Climate change has done more than just trigger the melting of polar ice caps, rising sea levels and extreme weather—it has changed daily life, and business along with it.
In an increasingly turbulent climate, companies need to know the specific risks that climate change poses to their business—from what they are, to where or when they could occur, to how much financial damage they could incur. However, up until recently, most companies didn’t have the resources or expertise to calculate this. That’s where Durham’s The Climate Service comes in.
Designed for the age of climate change, The Climate Service is a climate analytics company offering a SaaS solution—called Climanomics—which quantifies a business’s climate risk. It is a culmination of CEO James McMahon’s extensive scientific background at Harvard University and the Massachusetts Institute of Technology, as well as his experience working at the National Centers for Environmental Information at the National Oceanic and Atmospheric Administration (NOAA).
“When I saw that the financial world was going to need the kind of climate data that I understand from my academic background and working at NOAA,” McMahon said, “I knew that the time was right to form a startup.”
In 2015, the Financial Stability Board—an international body created by the G20 major economies in the wake of the Great Recession—formed the Task Force on Climate-related Financial Disclosure in order to encourage businesses to outline how they are affected by climate change. It established climate risks as material financial risks that should be disclosed. This spurred the demand for a way to synthesize climate data.
The Climate Service was established roughly two years ago in The Collider, an Asheville-based, non-profit co-working space for climate entrepreneurs. It now boasts an advisory board with four Nobel Prize laureates, and in September, it was selected to participate in the Wells Fargo Startup Accelerator, a virtual program for fintech startups.
In June, The Climate Service moved its headquarters to Durham. It will soon be hiring technologists, full-stack developers, systems administrators and analysts to work at its Durham location.
“We love the Durham community—the Durham startup community, the Durham technology community,” McMahon said. “And so far, it has served us well.”
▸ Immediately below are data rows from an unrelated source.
(* Let $\mathbf{Y}\in\mathbb{R}^{d_1\times d_2}$, let $R\ge r$ be positive integers, and let $\mathbf{X}=\Pi_r(\mathbf{Y})$ with SVD $\mathbf{X}=\mathbf{U}\boldsymbol\Sigma\mathbf{V}^T$. Suppose there exist $\overline{\mathbf{U}}\in\mathbb{R}^{d_1\times R}$ and $\overline{\mathbf{V}}\in\mathbb{R}^{d_2\times R}$ such that $\mathrm{col}(\mathbf{U})\subseteq\mathrm{col}(\overline{\mathbf{U}})$, $\mathrm{col}(\mathbf{V})\subseteq\mathrm{col}(\overline{\mathbf{V}})$, and let $\mathcal{A}=\{\mathbf{A}\in\mathbb{R}^{d_1\times d_2}:\mathrm{col}(\mathbf{A}^T)\subseteq\mathrm{col}(\overline{\mathbf{V}}),\ \mathrm{col}(\mathbf{A})\subseteq\mathrm{col}(\overline{\mathbf{U}})\}$, a linear subspace. Let $\hat{\mathbf{X}}=\Pi_{\mathcal{A}}(\mathbf{Y})$. Then $\mathbf{X}=\Pi_r(\hat{\mathbf{X}})$.
   Context: $\Pi_r(\mathbf{M})$ denotes a best rank-$\le r$ approximation of a matrix $\mathbf{M}$ in Frobenius norm (rank-$r$ truncated SVD); $\Pi_{\mathcal{A}}$ is the orthogonal (Frobenius) projection onto the subspace $\mathcal{A}$; $\mathrm{col}(\cdot)$ denotes column space. *)

theory Defs
  imports "HOL-Analysis.Analysis"
begin

(* Frobenius norm of a real matrix (d1 x d2 matrices are real^'d2^'d1) *)
definition frob_norm :: "real^'n^'m \<Rightarrow> real" where
  "frob_norm A = sqrt (\<Sum>i\<in>UNIV. \<Sum>j\<in>UNIV. (A $ i $ j)^2)"

definition col_space :: "real^'n^'m \<Rightarrow> (real^'m) set" where
  "col_space A = span (columns A)"

(* Pi_r(M): X is a best rank-<=r approximation of M in Frobenius norm *)
definition best_rank_approx :: "nat \<Rightarrow> real^'n^'m \<Rightarrow> real^'n^'m \<Rightarrow> bool" where
  "best_rank_approx r M X \<longleftrightarrow> rank X \<le> r \<and>
     (\<forall>Z::real^'n^'m. rank Z \<le> r \<longrightarrow> frob_norm (M - X) \<le> frob_norm (M - Z))"

(* Pi_S(M): P is the orthogonal (Frobenius) projection of M onto the set S *)
definition is_frob_proj :: "(real^'n^'m) set \<Rightarrow> real^'n^'m \<Rightarrow> real^'n^'m \<Rightarrow> bool" where
  "is_frob_proj S M P \<longleftrightarrow> P \<in> S \<and> (\<forall>B\<in>S. frob_norm (M - P) \<le> frob_norm (M - B))"

(* an SVD X = U Sigma V^T with r = CARD('r) components *)
definition is_svd :: "real^'n^'m \<Rightarrow> real^'r^'m \<Rightarrow> real^'r^'r \<Rightarrow> real^'r^'n \<Rightarrow> bool" where
  "is_svd X U S V \<longleftrightarrow> transpose U ** U = mat 1 \<and> transpose V ** V = mat 1 \<and>
     (\<forall>i j. i \<noteq> j \<longrightarrow> S $ i $ j = 0) \<and> (\<forall>i. S $ i $ i \<ge> 0) \<and>
     X = U ** S ** transpose V"

end

theory Submission
  imports Defs
begin

text \<open>Let \<open>P\<close>, \<open>Q\<close> be the orthogonal projections onto \<open>col(Ubar)\<close> and \<open>col(Vbar)\<close>;
  then \<open>M \<mapsto> P M Q\<^sup>T\<close> maps every matrix into \<open>\<A>\<close>, fixes \<open>\<A>\<close>, does not increase
  rank and does not increase the Frobenius norm. Since \<open>Xhat\<close> is the orthogonal projection
  of \<open>Y\<close> onto \<open>\<A>\<close>, Pythagoras gives \<open>\<parallel>Y - C\<parallel>\<^sup>2 = \<parallel>Y - Xhat\<parallel>\<^sup>2 + \<parallel>Xhat - C\<parallel>\<^sup>2\<close>
  for all \<open>C \<in> \<A>\<close>, and \<open>X \<in> \<A>\<close> by the column space hypotheses. Given \<open>Z\<close> of rank
  at most \<open>r\<close>, the matrix \<open>Z' = P Z Q\<^sup>T \<in> \<A>\<close> competes with \<open>X\<close> as an approximation
  of \<open>Y\<close>, so \<open>\<parallel>Xhat - X\<parallel> \<le> \<parallel>Xhat - Z'\<parallel> = \<parallel>P (Xhat - Z) Q\<^sup>T\<parallel> \<le> \<parallel>Xhat - Z\<parallel>\<close>.\<close>

lemma frob_norm_eq_norm: "frob_norm (A::real^'n^'m) = norm A"
proof -
  have "(norm (A $ i))\<^sup>2 = (\<Sum>j\<in>UNIV. (A $ i $ j)\<^sup>2)" for i
    unfolding norm_vec_def L2_set_def by (simp add: sum_nonneg)
  then show ?thesis unfolding frob_norm_def norm_vec_def[of A] L2_set_def by simp
qed

lemma norm_transpose: "norm (transpose (A::real^'n^'m)) = norm A"
  unfolding frob_norm_eq_norm[symmetric] frob_norm_def transpose_def
  by (simp add: sum.swap[of _ "UNIV::'n set"])

lemma row_eq_nth: "row i A = A $ i"
  by (simp add: row_def vec_eq_iff)

lemma column_matrix_mult: "column j (A ** B) = A *v column j B"
  by (simp add: vec_eq_iff matrix_matrix_mult_def matrix_vector_mult_def column_def)

lemma nth_matrix_mult_transpose: "(M ** transpose Q) $ i = Q *v (M $ i)"
  for M :: "'a::comm_semiring_1^'n^'m"
  by (simp add: vec_eq_iff matrix_matrix_mult_def matrix_vector_mult_def transpose_def mult.commute)

lemma matrix_diff_ldistrib: "A ** (B - C) = A ** B - A ** C"
  for A :: "'a::ring_1^'n^'m"
  by (simp add: vec_eq_iff matrix_matrix_mult_def algebra_simps sum_subtractf)

lemma matrix_diff_rdistrib: "(B - C) ** A = B ** A - C ** A"
  for B :: "'a::ring_1^'n^'m"
  by (simp add: vec_eq_iff matrix_matrix_mult_def algebra_simps sum_subtractf)

lemma col_space_subset_iff:
  assumes "subspace W"
  shows "col_space M \<subseteq> W \<longleftrightarrow> (\<forall>j. column j M \<in> W)"
proof
  assume "col_space M \<subseteq> W"
  then show "\<forall>j. column j M \<in> W"
    unfolding col_space_def columns_def by (auto dest: subsetD intro: span_base)
next
  assume "\<forall>j. column j M \<in> W"
  then have "columns M \<subseteq> W" unfolding columns_def by auto
  then show "col_space M \<subseteq> W" unfolding col_space_def using assms by (rule span_minimal)
qed

lemma col_space_matrix_mult_subset: "col_space (A ** B) \<subseteq> col_space A"
  using col_space_subset_iff[OF subspace_span, of "A ** B" "columns A"]
  by (simp add: col_space_def column_matrix_mult matrix_vector_mult_in_columnspace)

lemma orthogonal_projection_matrix_exists:
  fixes W :: "(real^'n) set"
  assumes "subspace W"
  obtains P :: "real^'n^'n"
  where "\<And>x. P *v x \<in> W" "\<And>x. x \<in> W \<Longrightarrow> P *v x = x" "\<And>x. norm (P *v x) \<le> norm x"
proof -
  obtain T where T: "pairwise orthogonal T" "span T = W"
    using orthogonal_basis_subspace[OF assms] by blast
  define p where "p = (\<lambda>x::real^'n. \<Sum>b\<in>T. (b \<bullet> x / (b \<bullet> b)) *\<^sub>R b)"
  have "linear p"
    unfolding p_def
    by (auto simp: linear_iff inner_add_right add_divide_distrib scaleR_add_left sum.distrib
        scaleR_sum_right)
  then have Pv: "matrix p *v x = p x" for x
    by simp
  have p_in: "p x \<in> W" for x
    unfolding p_def T(2)[symmetric] by (intro span_sum span_scale span_base)
  have orth: "orthogonal y (x - p x)" if "y \<in> W" for x y
    unfolding p_def using Gram_Schmidt_step[OF T(1), of y x] T(2) that by simp
  show thesis
  proof
    show "matrix p *v x \<in> W" for x using Pv p_in by simp
    show "matrix p *v x = x" if "x \<in> W" for x
    proof -
      have "x - p x \<in> W" using that p_in assms by (simp add: subspace_diff)
      then have "orthogonal (x - p x) (x - p x)" using orth by blast
      then show ?thesis using Pv by (simp add: orthogonal_def)
    qed
    show "norm (matrix p *v x) \<le> norm x" for x
    proof -
      have "(norm (p x + (x - p x)))\<^sup>2 = (norm (p x))\<^sup>2 + (norm (x - p x))\<^sup>2"
        by (rule norm_add_Pythagorean) (use orth p_in in blast)
      then have "(norm (p x))\<^sup>2 \<le> (norm x)\<^sup>2" by simp
      then show ?thesis using Pv by (simp add: power2_le_iff_abs_le)
    qed
  qed
qed

lemma norm_matrix_mult_contraction_le:
  fixes P :: "real^'m^'m" and Q :: "real^'n^'n" and M :: "real^'n^'m"
  assumes P: "\<And>x. norm (P *v x) \<le> norm x" and Q: "\<And>x. norm (Q *v x) \<le> norm x"
  shows "norm (P ** M ** transpose Q) \<le> norm M"
proof -
  have right: "norm (N ** transpose R) \<le> norm N"
    if "\<And>x. norm (R *v x) \<le> norm x" for N :: "real^'k^'l" and R
    by (rule norm_le_componentwise_cart) (simp add: nth_matrix_mult_transpose that)
  have "norm (P ** M ** transpose Q) \<le> norm (P ** M)"
    using right[OF Q] .
  also have "\<dots> = norm (transpose M ** transpose P)"
    by (metis matrix_transpose_mul norm_transpose)
  also have "\<dots> \<le> norm M"
    using right[OF P, of "transpose M"] by (simp add: norm_transpose)
  finally show ?thesis .
qed

lemma nearest_point_subspace_Pythagorean:
  fixes A :: "'a::euclidean_space set"
  assumes "subspace A" and "p \<in> A" and nearest: "\<And>b. b \<in> A \<Longrightarrow> norm (y - p) \<le> norm (y - b)"
    and "c \<in> A"
  shows "(norm (y - c))\<^sup>2 = (norm (y - p))\<^sup>2 + (norm (p - c))\<^sup>2"
proof -
  have span_A: "span A = A" using assms(1) by (simp add: span_eq_iff)
  obtain u z where u: "u \<in> A" and z: "\<And>w. w \<in> A \<Longrightarrow> orthogonal z w" and y: "y = u + z"
    using orthogonal_subspace_decomp_exists[of A y] span_A by metis
  have pyth: "(norm (y - b))\<^sup>2 = (norm z)\<^sup>2 + (norm (u - b))\<^sup>2" if "b \<in> A" for b
  proof -
    have "orthogonal z (u - b)" using z u that assms(1) by (simp add: subspace_diff)
    then have "(norm (z + (u - b)))\<^sup>2 = (norm z)\<^sup>2 + (norm (u - b))\<^sup>2"
      by (rule norm_add_Pythagorean)
    then show ?thesis by (simp add: y algebra_simps)
  qed
  have "norm (y - p) \<le> norm z" using nearest[OF u] by (simp add: y)
  then have "(norm (y - p))\<^sup>2 \<le> (norm z)\<^sup>2" by (simp add: power_mono)
  then have "(norm (u - p))\<^sup>2 \<le> 0" using pyth[OF \<open>p \<in> A\<close>] by (simp add: power_mono)
  then have "p = u" by simp
  then show ?thesis using pyth[OF \<open>c \<in> A\<close>] pyth[OF \<open>p \<in> A\<close>] by simp
qed

definition col_row_constrained :: "(real^'m) set \<Rightarrow> (real^'n) set \<Rightarrow> (real^'n^'m) set" where
  "col_row_constrained WU WV = {A. col_space A \<subseteq> WU \<and> col_space (transpose A) \<subseteq> WV}"

lemma mem_col_row_constrained_iff:
  assumes "subspace WU" and "subspace WV"
  shows "A \<in> col_row_constrained WU WV \<longleftrightarrow> (\<forall>j. column j A \<in> WU) \<and> (\<forall>i. A $ i \<in> WV)"
  using col_space_subset_iff[OF assms(1), of A] col_space_subset_iff[OF assms(2), of "transpose A"]
  by (simp add: col_row_constrained_def row_eq_nth)

lemma subspace_col_row_constrained:
  fixes WU :: "(real^'m) set" and WV :: "(real^'n) set"
  assumes "subspace WU" and "subspace WV"
  shows "subspace (col_row_constrained WU WV)"
proof -
  have "column j (B + C) = column j B + column j C" "column j (c *\<^sub>R B) = c *\<^sub>R column j B"
    "column j (0::real^'n^'m) = 0" for B C :: "real^'n^'m" and c j
    by (simp_all add: column_def vec_eq_iff)
  then show ?thesis
    using assms unfolding subspace_def
    by (auto simp: mem_col_row_constrained_iff[OF assms] subspace_0 subspace_add subspace_scale)
qed

lemma two_sided_projection_mem:
  assumes "subspace WU" and "subspace WV"
    and "\<And>x. P *v x \<in> WU" and "\<And>x. Q *v x \<in> WV"
  shows "P ** M ** transpose Q \<in> col_row_constrained WU WV"
  unfolding mem_col_row_constrained_iff[OF assms(1,2)]
proof (intro conjI allI)
  show "column j (P ** M ** transpose Q) \<in> WU" for j
    by (simp add: column_matrix_mult assms(3) flip: matrix_mul_assoc)
  show "(P ** M ** transpose Q) $ i \<in> WV" for i
    by (simp add: nth_matrix_mult_transpose assms(4))
qed

lemma two_sided_projection_fixes:
  assumes "subspace WU" and "subspace WV"
    and "\<And>x. x \<in> WU \<Longrightarrow> P *v x = x" and "\<And>x. x \<in> WV \<Longrightarrow> Q *v x = x"
    and "M \<in> col_row_constrained WU WV"
  shows "P ** M ** transpose Q = M"
proof -
  have cols: "\<forall>j. column j M \<in> WU" and rows: "\<forall>i. M $ i \<in> WV"
    using assms(5) mem_col_row_constrained_iff[OF assms(1,2)] by auto
  have "column j (P ** M) = column j M" for j
    using cols assms(3) by (simp add: column_matrix_mult)
  then have "P ** M = M"
    by (simp add: vec_eq_iff column_def)
  moreover have "M ** transpose Q = M"
    using rows assms(4) by (simp add: vec_eq_iff[of "M ** transpose Q"] nth_matrix_mult_transpose)
  ultimately show ?thesis by simp
qed

lemma svd_mem_col_row_constrained:
  assumes "is_svd X U S V"
  shows "X \<in> col_row_constrained (col_space U) (col_space V)"
proof -
  have X: "X = U ** (S ** transpose V)"
    using assms by (simp add: is_svd_def matrix_mul_assoc)
  then have "transpose X = V ** (transpose S ** transpose U)"
    by (simp add: matrix_transpose_mul matrix_mul_assoc)
  with X show ?thesis
    unfolding col_row_constrained_def by (simp add: col_space_matrix_mult_subset)
qed

lemma best_rank_approx_of_projection:
  fixes WU :: "(real^'m) set" and WV :: "(real^'n) set"
  assumes "subspace WU" and "subspace WV"
    and best: "best_rank_approx r Y X" and X: "X \<in> col_row_constrained WU WV"
    and proj: "is_frob_proj (col_row_constrained WU WV) Y Xhat"
  shows "best_rank_approx r Xhat X"
proof -
  let ?\<A> = "col_row_constrained WU WV"
  obtain P where P: "\<And>x. P *v x \<in> WU" "\<And>x. x \<in> WU \<Longrightarrow> P *v x = x" "\<And>x. norm (P *v x) \<le> norm x"
    using orthogonal_projection_matrix_exists[OF assms(1)] by blast
  obtain Q where Q: "\<And>x. Q *v x \<in> WV" "\<And>x. x \<in> WV \<Longrightarrow> Q *v x = x" "\<And>x. norm (Q *v x) \<le> norm x"
    using orthogonal_projection_matrix_exists[OF assms(2)] by blast
  have Xhat: "Xhat \<in> ?\<A>" and nearest: "\<And>B. B \<in> ?\<A> \<Longrightarrow> norm (Y - Xhat) \<le> norm (Y - B)"
    using proj by (auto simp: is_frob_proj_def frob_norm_eq_norm)
  have pyth: "(norm (Y - C))\<^sup>2 = (norm (Y - Xhat))\<^sup>2 + (norm (Xhat - C))\<^sup>2" if "C \<in> ?\<A>" for C
    using nearest_point_subspace_Pythagorean[OF subspace_col_row_constrained[OF assms(1,2)]
        Xhat nearest that] by blast
  have "norm (Xhat - X) \<le> norm (Xhat - Z)" if "rank Z \<le> r" for Z
  proof -
    define Z' where "Z' = P ** Z ** transpose Q"
    have Z': "Z' \<in> ?\<A>"
      unfolding Z'_def using two_sided_projection_mem[OF assms(1,2) P(1) Q(1)] .
    have "rank Z' \<le> r"
      unfolding Z'_def using that by (meson order_trans rank_mul_le_left rank_mul_le_right)
    then have "norm (Y - X) \<le> norm (Y - Z')"
      using best by (simp add: best_rank_approx_def frob_norm_eq_norm)
    then have "(norm (Y - X))\<^sup>2 \<le> (norm (Y - Z'))\<^sup>2"
      by (simp add: power_mono)
    then have "(norm (Xhat - X))\<^sup>2 \<le> (norm (Xhat - Z'))\<^sup>2"
      using pyth[OF X] pyth[OF Z'] by linarith
    then have "norm (Xhat - X) \<le> norm (Xhat - Z')"
      by (simp add: power2_le_iff_abs_le)
    also have "Xhat - Z' = P ** (Xhat - Z) ** transpose Q"
      using two_sided_projection_fixes[OF assms(1,2) P(2) Q(2) Xhat]
      by (simp add: Z'_def matrix_diff_ldistrib matrix_diff_rdistrib)
    also have "norm \<dots> \<le> norm (Xhat - Z)"
      using norm_matrix_mult_contraction_le[OF P(3) Q(3)] .
    finally show ?thesis .
  qed
  then show ?thesis
    using best by (simp add: best_rank_approx_def frob_norm_eq_norm)
qed

theorem mainTheorem7:
  fixes Y X :: "real^'d2^'d1"
    and U :: "real^'r^'d1" and S :: "real^'r^'r" and V :: "real^'r^'d2"
    and Ubar :: "real^'R^'d1" and Vbar :: "real^'R^'d2"
    and Xhat :: "real^'d2^'d1"
    and \<A> :: "(real^'d2^'d1) set"
  assumes "CARD('r) \<le> CARD('R)"
    and "best_rank_approx CARD('r) Y X"
    and "is_svd X U S V"
    and "col_space U \<subseteq> col_space Ubar"
    and "col_space V \<subseteq> col_space Vbar"
    and "\<A> = {A. col_space (transpose A) \<subseteq> col_space Vbar \<and> col_space A \<subseteq> col_space Ubar}"
    and "is_frob_proj \<A> Y Xhat"
  shows "best_rank_approx CARD('r) Xhat X"
proof -
  have \<A>: "\<A> = col_row_constrained (col_space Ubar) (col_space Vbar)"
    using assms(6) by (auto simp: col_row_constrained_def)
  have "X \<in> \<A>"
    using svd_mem_col_row_constrained[OF assms(3)] assms(4,5)
    by (auto simp: \<A> col_row_constrained_def)
  then show ?thesis
    using best_rank_approx_of_projection[OF subspace_span subspace_span assms(2)] assms(7)
    by (simp add: \<A> col_space_def)
qed

end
The company also has a presence in Asheville and Washington, D.C., and it is opening an office in New York with leadership from The Economist alumnus Joseph Lake, who recently joined the team as COO.
“We want to embed climate-risk data into every decision around the world,” Lake said, “and in my view, The Climate Service has built the best model in order to do that. This is by far the most important and pressing issue facing mankind over the next few decades, so it’s a privilege to join the team.”
Climate change continues becomes a growing problem and it is certain that it will not be going away any time soon, added Terrence Thompson, a Co-Founder of The Climate Service.
“What gets me up in the morning is realizing that this is a worldwide and pressing problem,” Thompson said. “The quantification of climate risk into financial terms will drive, in part, the machinery of capitalism to help solve this problem.”